Letting go of the band, or so my utterly illogical sentimentality dictates, is letting of a substantial portion of that intimate reminder of him. So what to do, when that band fails?
Given that my leatherworking skills are non-existent, I've taken the easy route, applying a classic Dad-fix to that memento of my own father: epoxy. Just glue it back together. It works, right up until it doesn't.
Last week, my most recent repair failed, and the watch fell from my wrist. Undamaged, thankfully, but the whole leather lug-loop was gone. There was nothing left to glue, nothing left to wrap around the bar of the lug. This, I thought ruefully, might finally be the end of the band. I let it set for a little bit, as I mulled my options.
A fierce sentimentality can be the mother of ingenuity, and time for reflection stirred a thought.
The band was two stitched pieces of leather, and were I to carefully slice them apart and trim away one half, I could construct a new lug-loop.
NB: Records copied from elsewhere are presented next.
(* For a parameter vector $p=(b,\beta,\beta_1,\gamma,\varepsilon_1,\varepsilon_2,\lambda,\alpha)$ consider the planar system $$s'=b+\gamma+(\varepsilon_2-b-\beta-\gamma)s-\gamma i-\varepsilon_2 s^2+(\varepsilon_1-\varepsilon_2-\lambda)is,$$ $$i'=\beta_1 s+(\varepsilon_2-\varepsilon_1-\alpha-b)i+(\lambda-\varepsilon_2)is+(\varepsilon_1-\varepsilon_2)i^2$$ on $D_1=\{(s,i): s\ge0,\ i\ge0,\ s+i\le1\}$. Let $\Omega\subset\mathbb{R}^8_+$ be the open set of admissible parameter values (all parameters positive and $\beta_2=\beta-\beta_1>0$), and let $\Omega_1\subset\Omega$ be the set of parameter values for which this system has a nonhyperbolic rest point in $D_1$. Then $\Omega_1$ is a closed, nonempty subset of $\Omega$ of Lebesgue measure zero.
   Context: A rest point is hyperbolic if all eigenvalues of the linearization there have nonzero real parts. The system is the reduction, via $r=1-s-i$, of the SIRS proportions system with birth rate $b$, disease transfer rate $\beta=\beta_1+\beta_2$, recovery rate $\gamma$, excess death rates $\varepsilon_1,\varepsilon_2$, contact rate $\lambda$ and removal rate $\alpha$. *)

theory Defs
  imports "HOL-Analysis.Analysis"
begin

text \<open>Parameter vector p = (b, beta, beta1, gamma, eps1, eps2, lambda, alpha) in R^8,
  indexed p$1 ... p$8 in this order. State vector x = (s, i) in R^2, x$1 = s, x$2 = i.\<close>

definition sirs_field :: "real^8 \<Rightarrow> real^2 \<Rightarrow> real^2" where
  "sirs_field p x =
    (let b = p$1; \<beta> = p$2; \<beta>\<^sub>1 = p$3; \<gamma> = p$4; \<epsilon>\<^sub>1 = p$5; \<epsilon>\<^sub>2 = p$6; lam = p$7; \<alpha> = p$8;
         s = x$1; i = x$2
     in (\<chi> k. if k = 1 then
                b + \<gamma> + (\<epsilon>\<^sub>2 - b - \<beta> - \<gamma>) * s - \<gamma> * i - \<epsilon>\<^sub>2 * s^2 + (\<epsilon>\<^sub>1 - \<epsilon>\<^sub>2 - lam) * i * s
              else
                \<beta>\<^sub>1 * s + (\<epsilon>\<^sub>2 - \<epsilon>\<^sub>1 - \<alpha> - b) * i + (lam - \<epsilon>\<^sub>2) * i * s + (\<epsilon>\<^sub>1 - \<epsilon>\<^sub>2) * i^2))"

definition D1 :: "(real^2) set" where
  "D1 = {x. x$1 \<ge> 0 \<and> x$2 \<ge> 0 \<and> x$1 + x$2 \<le> 1}"

definition Omega :: "(real^8) set" where
  "Omega = {p. (\<forall>k. p$k > 0) \<and> p$2 - p$3 > 0}"

definition is_eigenvalue :: "real^'n^'n \<Rightarrow> complex \<Rightarrow> bool" where
  "is_eigenvalue J \<mu> \<longleftrightarrow>
     (\<exists>v :: complex^'n. v \<noteq> 0 \<and> (\<chi> i j. complex_of_real (J$i$j)) *v v = \<mu> *s v)"

definition nonhyperbolic_rest_point :: "(real^'n \<Rightarrow> real^'n) \<Rightarrow> real^'n \<Rightarrow> bool" where
  "nonhyperbolic_rest_point F x \<longleftrightarrow>
     F x = 0 \<and> (\<exists>J :: real^'n^'n. (F has_derivative (\<lambda>h. J *v h)) (at x) \<and>
                               (\<exists>\<mu>. is_eigenvalue J \<mu> \<and> Re \<mu> = 0))"

definition Omega1 :: "(real^8) set" where
  "Omega1 = {p \<in> Omega. \<exists>x \<in> D1. nonhyperbolic_rest_point (sirs_field p) x}"

end

theory Submission
  imports Defs
begin

(* At a rest point in D1 of admissible parameters s > 0 holds, so the two rest-point equations
   can be solved for beta and beta1: the parameter vector is the image of the remaining data
   u = (b, s, i, gamma, eps1, eps2, lambda, alpha) under a map that is smooth on s \<noteq> 0.
   A real 2x2 matrix has an eigenvalue on the imaginary axis iff det J = 0 or (tr J = 0 and det J \<ge> 0).
   Written in u, tr J is affine in alpha with slope -1, and s * det J is affine in alpha with a slope
   that is itself affine in b with slope 1; hence the nonhyperbolic set in u-space is covered by three
   graphs over coordinate hyperplanes, which are null, and so is its smooth image Omega1.
   Closedness: Omega1 is Omega intersected with the projection, along the compact D1, of a closed set. *)

definition vec_upd :: "'a^'n \<Rightarrow> 'n \<Rightarrow> 'a \<Rightarrow> 'a^'n" where
  "vec_upd u k t = (\<chi> j. if j = k then t else u $ j)"

lemma vec_upd_nth [simp]: "vec_upd u k t $ j = (if j = k then t else u $ j)"
  by (simp add: vec_upd_def)

lemma vec_upd_upd_same [simp]: "vec_upd (vec_upd u k s) k t = vec_upd u k t"
  by (simp add: vec_eq_iff)

lemma has_derivative_vec_nth: "((\<lambda>x. x $ k) has_derivative (\<lambda>h. h $ k)) F"
  by (rule bounded_linear_imp_has_derivative) (rule bounded_linear_vec_nth)

lemma has_derivative_componentwise_cart:
  fixes f :: "'a::real_normed_vector \<Rightarrow> real^'n"
  shows "(f has_derivative f') (at a within S) \<longleftrightarrow>
    (\<forall>k. ((\<lambda>x. f x $ k) has_derivative (\<lambda>h. f' h $ k)) (at a within S))"
  by (subst has_derivative_componentwise_within) (simp add: Basis_vec_def cart_eq_inner_axis [symmetric])

lemma differentiable_componentwise_cart:
  fixes f :: "'a::euclidean_space \<Rightarrow> real^'n"
  shows "f differentiable (at a within S) \<longleftrightarrow> (\<forall>k. (\<lambda>x. f x $ k) differentiable (at a within S))"
  by (subst differentiable_componentwise_within) (simp add: Basis_vec_def cart_eq_inner_axis [symmetric])

lemma differentiable_vec_upd:
  fixes f :: "real^'n \<Rightarrow> real"
  assumes "f differentiable (at a within S)"
  shows "(\<lambda>u. vec_upd u k (f u)) differentiable (at a within S)"
  unfolding differentiable_componentwise_cart vec_upd_nth
proof
  fix j
  show "(\<lambda>u. if j = k then f u else u $ j) differentiable (at a within S)"
    using assms by (cases "j = k") (auto intro: bounded_linear_imp_differentiable)
qed

lemma negligible_graph_cart:
  fixes \<phi> :: "real^'n \<Rightarrow> real"
  assumes indep: "\<And>u t. \<phi> (vec_upd u k t) = \<phi> u"
    and cylinder: "\<And>u t. u \<in> S \<Longrightarrow> vec_upd u k t \<in> S"
    and diff: "\<And>u. u \<in> S \<Longrightarrow> \<phi> differentiable (at u)"
  shows "negligible {u \<in> S. u $ k = \<phi> u}"
proof -
  define H where "H = {u \<in> S. u $ k = 0}"
  define g where "g u = vec_upd u k (\<phi> u)" for u
  have "negligible (g ` H)"
  proof (rule negligible_differentiable_image_negligible [OF order_refl])
    show "negligible H"
      by (rule negligible_subset [OF negligible_standard_hyperplane_cart [of k]]) (auto simp: H_def)
    show "g differentiable_on H"
      unfolding differentiable_on_def g_def
      by (auto simp: H_def intro: differentiable_vec_upd differentiable_at_withinI diff)
  qed
  moreover have "{u \<in> S. u $ k = \<phi> u} \<subseteq> g ` H"
  proof
    fix u
    assume u: "u \<in> {u \<in> S. u $ k = \<phi> u}"
    then have "u = g (vec_upd u k 0)"
      by (simp add: g_def indep vec_eq_iff)
    moreover have "vec_upd u k 0 \<in> H"
      using u cylinder by (simp add: H_def)
    ultimately show "u \<in> g ` H" by blast
  qed
  ultimately show ?thesis
    by (rule negligible_subset)
qed

lemma is_eigenvalue_iff_det:
  fixes J :: "real^'n^'n"
  shows "is_eigenvalue J \<mu> \<longleftrightarrow> det ((\<chi> i j. complex_of_real (J$i$j)) - mat \<mu>) = 0"
proof -
  let ?A = "(\<chi> i j. complex_of_real (J$i$j)) - mat \<mu>"
  have "mat \<mu> *v v = \<mu> *s v" for v :: "complex^'n"
    by (simp add: vec_eq_iff matrix_vector_mult_def mat_def if_distrib if_distribR cong del: if_weak_cong)
  then have "is_eigenvalue J \<mu> \<longleftrightarrow> (\<exists>v. v \<noteq> 0 \<and> ?A *v v = 0)"
    by (simp add: is_eigenvalue_def matrix_vector_mult_diff_rdistrib)
  also have "\<dots> \<longleftrightarrow> det ?A = 0"
    by (metis invertible_det_nz invertible_left_inverse matrix_left_invertible_ker)
  finally show ?thesis .
qed

lemma det_minus_mat_2:
  fixes A :: "'a::comm_ring_1^2^2"
  shows "det (A - mat \<mu>) = \<mu>^2 - trace A * \<mu> + det A"
  by (simp add: det_2 trace_def sum_2 mat_def algebra_simps power2_eq_square)

lemma is_eigenvalue_2x2_iff:
  fixes J :: "real^2^2"
  shows "is_eigenvalue J \<mu> \<longleftrightarrow> \<mu>^2 - of_real (trace J) * \<mu> + of_real (det J) = 0"
  unfolding is_eigenvalue_iff_det det_minus_mat_2 by (simp add: det_2 trace_def sum_2)

lemma imaginary_eigenvalue_2x2_iff:
  fixes J :: "real^2^2"
  shows "(\<exists>\<mu>. is_eigenvalue J \<mu> \<and> Re \<mu> = 0) \<longleftrightarrow> det J = 0 \<or> (trace J = 0 \<and> det J \<ge> 0)"
proof -
  have imag: "is_eigenvalue J (\<i> * of_real w) \<longleftrightarrow> det J = w^2 \<and> w * trace J = 0" for w
    by (simp add: is_eigenvalue_2x2_iff complex_eq_iff power2_eq_square) blast
  show ?thesis
  proof
    assume "\<exists>\<mu>. is_eigenvalue J \<mu> \<and> Re \<mu> = 0"
    then obtain \<mu> where "is_eigenvalue J \<mu>" "\<mu> = \<i> * of_real (Im \<mu>)"
      by (auto simp: complex_eq_iff)
    then show "det J = 0 \<or> (trace J = 0 \<and> det J \<ge> 0)"
      by (metis imag mult_eq_0_iff power2_eq_square zero_le_square)
  next
    assume "det J = 0 \<or> (trace J = 0 \<and> det J \<ge> 0)"
    then have "is_eigenvalue J (\<i> * of_real (sqrt (det J)))"
      unfolding imag by auto
    then show "\<exists>\<mu>. is_eigenvalue J \<mu> \<and> Re \<mu> = 0"
      by fastforce
  qed
qed

lemma nonhyperbolic_rest_point_iff:
  fixes F :: "real^'n \<Rightarrow> real^'n"
  assumes "(F has_derivative (\<lambda>h. J *v h)) (at x)"
  shows "nonhyperbolic_rest_point F x \<longleftrightarrow> F x = 0 \<and> (\<exists>\<mu>. is_eigenvalue J \<mu> \<and> Re \<mu> = 0)"
proof -
  have "(F has_derivative (\<lambda>h. J' *v h)) (at x) \<longleftrightarrow> J' = J" for J'
    by (metis assms has_derivative_unique matrix_of_matrix_vector_mul)
  then show ?thesis
    unfolding nonhyperbolic_rest_point_def by simp
qed

lemma sirs_field_nth:
  "sirs_field p x $ 1 = p$1 + p$4 + (p$6 - p$1 - p$2 - p$4) * x$1 - p$4 * x$2 - p$6 * (x$1)^2
     + (p$5 - p$6 - p$7) * x$2 * x$1"
  "sirs_field p x $ 2 = p$3 * x$1 + (p$6 - p$5 - p$8 - p$1) * x$2 + (p$7 - p$6) * x$2 * x$1
     + (p$5 - p$6) * (x$2)^2"
  by (simp_all add: sirs_field_def Let_def)

definition sirs_jacobian :: "real^8 \<Rightarrow> real^2 \<Rightarrow> real^2^2" where
  "sirs_jacobian p x =
    (let b = p$1; \<beta> = p$2; \<beta>\<^sub>1 = p$3; \<gamma> = p$4; \<epsilon>\<^sub>1 = p$5; \<epsilon>\<^sub>2 = p$6; lam = p$7; \<alpha> = p$8;
         s = x$1; i = x$2
     in (\<chi> r c. if r = 1 then
                  (if c = 1 then \<epsilon>\<^sub>2 - b - \<beta> - \<gamma> - 2 * \<epsilon>\<^sub>2 * s + (\<epsilon>\<^sub>1 - \<epsilon>\<^sub>2 - lam) * i
                   else - \<gamma> + (\<epsilon>\<^sub>1 - \<epsilon>\<^sub>2 - lam) * s)
                else
                  (if c = 1 then \<beta>\<^sub>1 + (lam - \<epsilon>\<^sub>2) * i
                   else \<epsilon>\<^sub>2 - \<epsilon>\<^sub>1 - \<alpha> - b + (lam - \<epsilon>\<^sub>2) * s + 2 * (\<epsilon>\<^sub>1 - \<epsilon>\<^sub>2) * i)))"

lemma has_derivative_sirs_field:
  "(sirs_field p has_derivative (\<lambda>h. sirs_jacobian p x *v h)) (at x)"
  unfolding has_derivative_componentwise_cart
proof
  fix k :: 2
  consider "k = 1" | "k = 2"
    using exhaust_2 by blast
  then show "((\<lambda>y. sirs_field p y $ k) has_derivative (\<lambda>h. (sirs_jacobian p x *v h) $ k)) (at x)"
  proof cases
    case 1
    show ?thesis
      unfolding 1 sirs_field_nth
      by (rule derivative_eq_intros has_derivative_vec_nth refl)+
         (simp add: sirs_jacobian_def Let_def matrix_vector_mult_def sum_2 algebra_simps power2_eq_square)
  next
    case 2
    show ?thesis
      unfolding 2 sirs_field_nth
      by (rule derivative_eq_intros has_derivative_vec_nth refl)+
         (simp add: sirs_jacobian_def Let_def matrix_vector_mult_def sum_2 algebra_simps power2_eq_square)
  qed
qed

lemma nonhyperbolic_rest_point_sirs_iff:
  "nonhyperbolic_rest_point (sirs_field p) x \<longleftrightarrow>
     sirs_field p x = 0 \<and>
     (det (sirs_jacobian p x) = 0 \<or> (trace (sirs_jacobian p x) = 0 \<and> det (sirs_jacobian p x) \<ge> 0))"
  by (simp add: nonhyperbolic_rest_point_iff [OF has_derivative_sirs_field] imaginary_eigenvalue_2x2_iff)

lemma compact_D1: "compact D1"
proof -
  have "closed D1"
    unfolding D1_def by (intro closed_Collect_conj closed_Collect_le continuous_intros)
  moreover have "bounded D1"
    by (rule bounded_subset [OF bounded_cbox [of 0 1]]) (auto simp: D1_def mem_box_cart forall_2)
  ultimately show ?thesis
    by (simp add: compact_eq_bounded_closed)
qed

lemma closedin_Omega1: "closedin (top_of_set Omega) Omega1"
proof -
  define T where "T = {z. sirs_field (snd z) (fst z) = 0 \<and>
     (det (sirs_jacobian (snd z) (fst z)) = 0 \<or>
      (trace (sirs_jacobian (snd z) (fst z)) = 0 \<and> det (sirs_jacobian (snd z) (fst z)) \<ge> 0))}"
  have "closed T"
    unfolding T_def vec_eq_iff forall_2 zero_index sirs_field_nth det_2 trace_def sum_2
    by (simp add: sirs_jacobian_def Let_def)
       (intro closed_Collect_conj closed_Collect_disj closed_Collect_eq closed_Collect_le continuous_intros)
  then have "closedin (top_of_set Omega) (Omega \<inter> {p. \<exists>x. x \<in> D1 \<and> (x, p) \<in> T})"
    by (intro closedin_closed_Int closed_compact_projection compact_D1)
  moreover have "Omega1 = Omega \<inter> {p. \<exists>x. x \<in> D1 \<and> (x, p) \<in> T}"
    unfolding Omega1_def T_def nonhyperbolic_rest_point_sirs_iff by auto
  ultimately show ?thesis
    by simp
qed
Simply slice, apply epoxy, and boom. It'd be back on my wrist. Why not? If it failed, I'd just sigh and get a new band. If it succeeded, I'd still have that soft worn remembrance snug wrapped around my arm.
So I sliced it carefully, opening up the seams of the leather. I whittled about the edges with the blade, and then...with vise and glue and time...remade what had failed.
This Father's Day, that old Timex still rests on my wrist.